Efficiently predicting high resolution mass spectra with graph neural networks
This addresses the primary open problem in computational metabolomics for researchers needing efficient and accurate small molecule identification from mass spectra.
The paper tackles the problem of predicting high-resolution mass spectra for small molecule identification by modeling it as a mapping from molecular graphs to probability distributions over formulas, achieving significantly lower prediction error and orders-of-magnitude faster runtime than state-of-the-art methods.
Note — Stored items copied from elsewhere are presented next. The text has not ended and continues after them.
(* Let $\ell$ satisfy Assumption 1 and let $W(t)$, $t\ge0$, be a gradient flow trajectory whose initialization satisfies Assumption 2. Then for every $R>0$ there is a constant $\epsilon(R)>0$ such that for every $t\ge 1$ with $W(t)\in B(R)$ we have $\left\|\frac{\partial\mathcal{R}}{\partial W_1}(W(t))\right\|_F\ge\epsilon(R)$. Consequently, for every $R>0$ the set $\{t\ge 0: W(t)\in B(R)\}$ has finite Lebesgue measure, and $t\mapsto\max_{1\le k\le L}\|W_k(t)\|_F$ is unbounded.
   Context: Setting: data $(x_i,y_i)_{i=1}^n$ with $x_i\in\mathbb{R}^d$, $\|x_i\|\le 1$, $y_i\in\{-1,+1\}$; put $z_i:=y_ix_i$. The data are linearly separable, i.e. some unit vector $u$ has $\langle u,z_i\rangle>0$ for all $i$. Let $\gamma:=\max_{\|u\|=1}\min_{i}\langle u,z_i\rangle>0$ and let $\bar u$ be the unique unit vector attaining it. A depth-$L$ linear network is $W=(W_L,\dots,W_1)$ with $W_k\in\mathbb{R}^{d_k\times d_{k-1}}$, $d_0=d$, $d_L=1$, and $w_{\mathrm{prod}}:=(W_L\cdots W_1)^\top\in\mathbb{R}^d$. The risk is $\mathcal{R}(W)=\frac1n\sum_{i=1}^n\ell(\langle w_{\mathrm{prod}},z_i\rangle)$. For $R>0$, $B(R):=\{W:\max_{1\le k\le L}\|W_k\|_F\le R\}$. Assumption 1: $\ell:\mathbb{R}\to\mathbb{R}$ is continuously differentiable, $\ell'(x)<0$ for all $x$, $\lim_{x\to-\infty}\ell(x)=\infty$ and $\lim_{x\to\infty}\ell(x)=0$. Gradient flow: a $C^1$ curve $W(t)$, $t\in[0,\infty)$, with $\frac{d}{dt}W(t)=-\nabla\mathcal{R}(W(t))$. Assumption 2: $\nabla\mathcal{R}(W(0))\neq 0$ and $\mathcal{R}(W(0))\le \ell(0)$. *)

theory Defs
  imports "HOL-Analysis.Analysis"
begin

text \<open>Parameters of a depth-L linear network are encoded as
  W :: nat => nat => nat => real, where W k a b is entry (a,b) of the matrix W_k
  (k in {1..L}, a < dims k, b < dims (k-1)); other entries are irrelevant.
  Data: z i j is the j-th coordinate of z_i = y_i x_i (i < n, j < d).\<close>

type_synonym params = "nat \<Rightarrow> nat \<Rightarrow> nat \<Rightarrow> real"

definition valid_entry :: "nat \<Rightarrow> (nat \<Rightarrow> nat) \<Rightarrow> nat \<Rightarrow> nat \<Rightarrow> nat \<Rightarrow> bool" where
  "valid_entry L dims k a b \<longleftrightarrow> 1 \<le> k \<and> k \<le> L \<and> a < dims k \<and> b < dims (k - 1)"

fun prodmat :: "(nat \<Rightarrow> nat) \<Rightarrow> nat \<Rightarrow> params \<Rightarrow> nat \<Rightarrow> nat \<Rightarrow> nat \<Rightarrow> real" where
  "prodmat dims d W 0 a j = (if a = j then 1 else 0)"
| "prodmat dims d W (Suc k) a j = (\<Sum>b<dims k. W (Suc k) a b * prodmat dims d W k b j)"

text \<open>w_prod = (W_L ... W_1)^T, a vector in R^d (d_L = 1).\<close>
definition wprod :: "nat \<Rightarrow> (nat \<Rightarrow> nat) \<Rightarrow> nat \<Rightarrow> params \<Rightarrow> nat \<Rightarrow> real" where
  "wprod L dims d W j = prodmat dims d W L 0 j"

definition risk :: "(real \<Rightarrow> real) \<Rightarrow> nat \<Rightarrow> nat \<Rightarrow> (nat \<Rightarrow> nat \<Rightarrow> real)
    \<Rightarrow> nat \<Rightarrow> (nat \<Rightarrow> nat) \<Rightarrow> params \<Rightarrow> real" where
  "risk lf n d z L dims W = (1 / real n) * (\<Sum>i<n. lf (\<Sum>j<d. wprod L dims d W j * z i j))"

definition upd_entry :: "params \<Rightarrow> nat \<Rightarrow> nat \<Rightarrow> nat \<Rightarrow> real \<Rightarrow> params" where
  "upd_entry W k a b s = (\<lambda>k' a' b'. if (k', a', b') = (k, a, b) then W k a b + s else W k' a' b')"
lemma transpose_action_eigen_imp_spectrum:
  assumes D: "D \<in> carrier_mat (d * d) (d * d)" and ab: "a < d" "b < d" "Z a b \<noteq> 0"
    and "\<And>x y. sesq d (transpose_action d D Z) x y = \<mu> * sesq d Z x y"
  shows "\<mu> \<in> spectrum D"
proof -
  have eigen: "transpose_action d D Z i1 i2 = \<mu> * Z i1 i2" if "i1 < d" "i2 < d" for i1 i2
    using sesq_eqI[of d "transpose_action d D Z" "\<lambda>a b. \<mu> * Z a b"] that assms(5) by (simp add: sesq_scale)
  define v where "v = vec (d * d) (\<lambda>i. Z (i div d) (i mod d))"
  have v: "v \<in> carrier_vec (d * d)" by (simp add: v_def)
  have v_entry: "v $ (i1 * d + i2) = Z i1 i2" if "i1 < d" "i2 < d" for i1 i2
    using that index_pair_less[OF that] by (simp add: v_def)
  have "v \<noteq> 0\<^sub>v (d * d)"
  proof
    assume "v = 0\<^sub>v (d * d)"
    then have "v $ (a * d + b) = 0" using index_pair_less[OF ab(1,2)] by simp
    with v_entry[OF ab(1,2)] ab(3) show False by simp
  qed
  moreover have "transpose_mat D *\<^sub>v v = \<mu> \<cdot>\<^sub>v v"
  proof (rule eq_vecI)
    fix i assume "i < dim_vec (\<mu> \<cdot>\<^sub>v v)"
    then have i: "i < d * d" by (simp add: v_def)
    have d: "i div d < d" "i mod d < d"
      using index_div_mod_less[OF i] by auto
    have "transpose_action d D (\<lambda>a b. v $ (a * d + b)) (i div d) (i mod d) = transpose_action d D Z (i div d) (i mod d)"
      unfolding transpose_action_def by (intro sum.cong refl) (simp add: v_entry)
    then show "(transpose_mat D *\<^sub>v v) $ i = (\<mu> \<cdot>\<^sub>v v) $ i"
      using transpose_mat_mult_vec_index[OF D v i] eigen[OF d] i by (simp add: v_def)
  qed (use D in \<open>simp add: v_def\<close>)
  ultimately have "\<mu> \<in> spectrum (transpose_mat D)"
    using v D by (auto simp: spectrum_def eigenvalue_def eigenvector_def)
  then show ?thesis using spectrum_transpose_mat[OF D] by simp
qed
Identifying a small molecule from its mass spectrum is the primary open problem in computational metabolomics. This is typically cast as information retrieval: an unknown spectrum is matched against spectra predicted computationally from a large database of chemical structures. However, current approaches to spectrum prediction model the output space in ways that force a tradeoff between capturing high resolution mass information and tractable learning. We resolve this tradeoff by casting spectrum prediction as a mapping from an input molecular graph to a probability distribution over molecular formulas. We discover that a large corpus of mass spectra can be closely approximated using a fixed vocabulary constituting only 2% of all observed formulas. This enables efficient spectrum prediction using an architecture similar to graph classification - GrAFF-MS - achieving significantly lower prediction error and orders-of-magnitude faster runtime than state-of-the-art methods.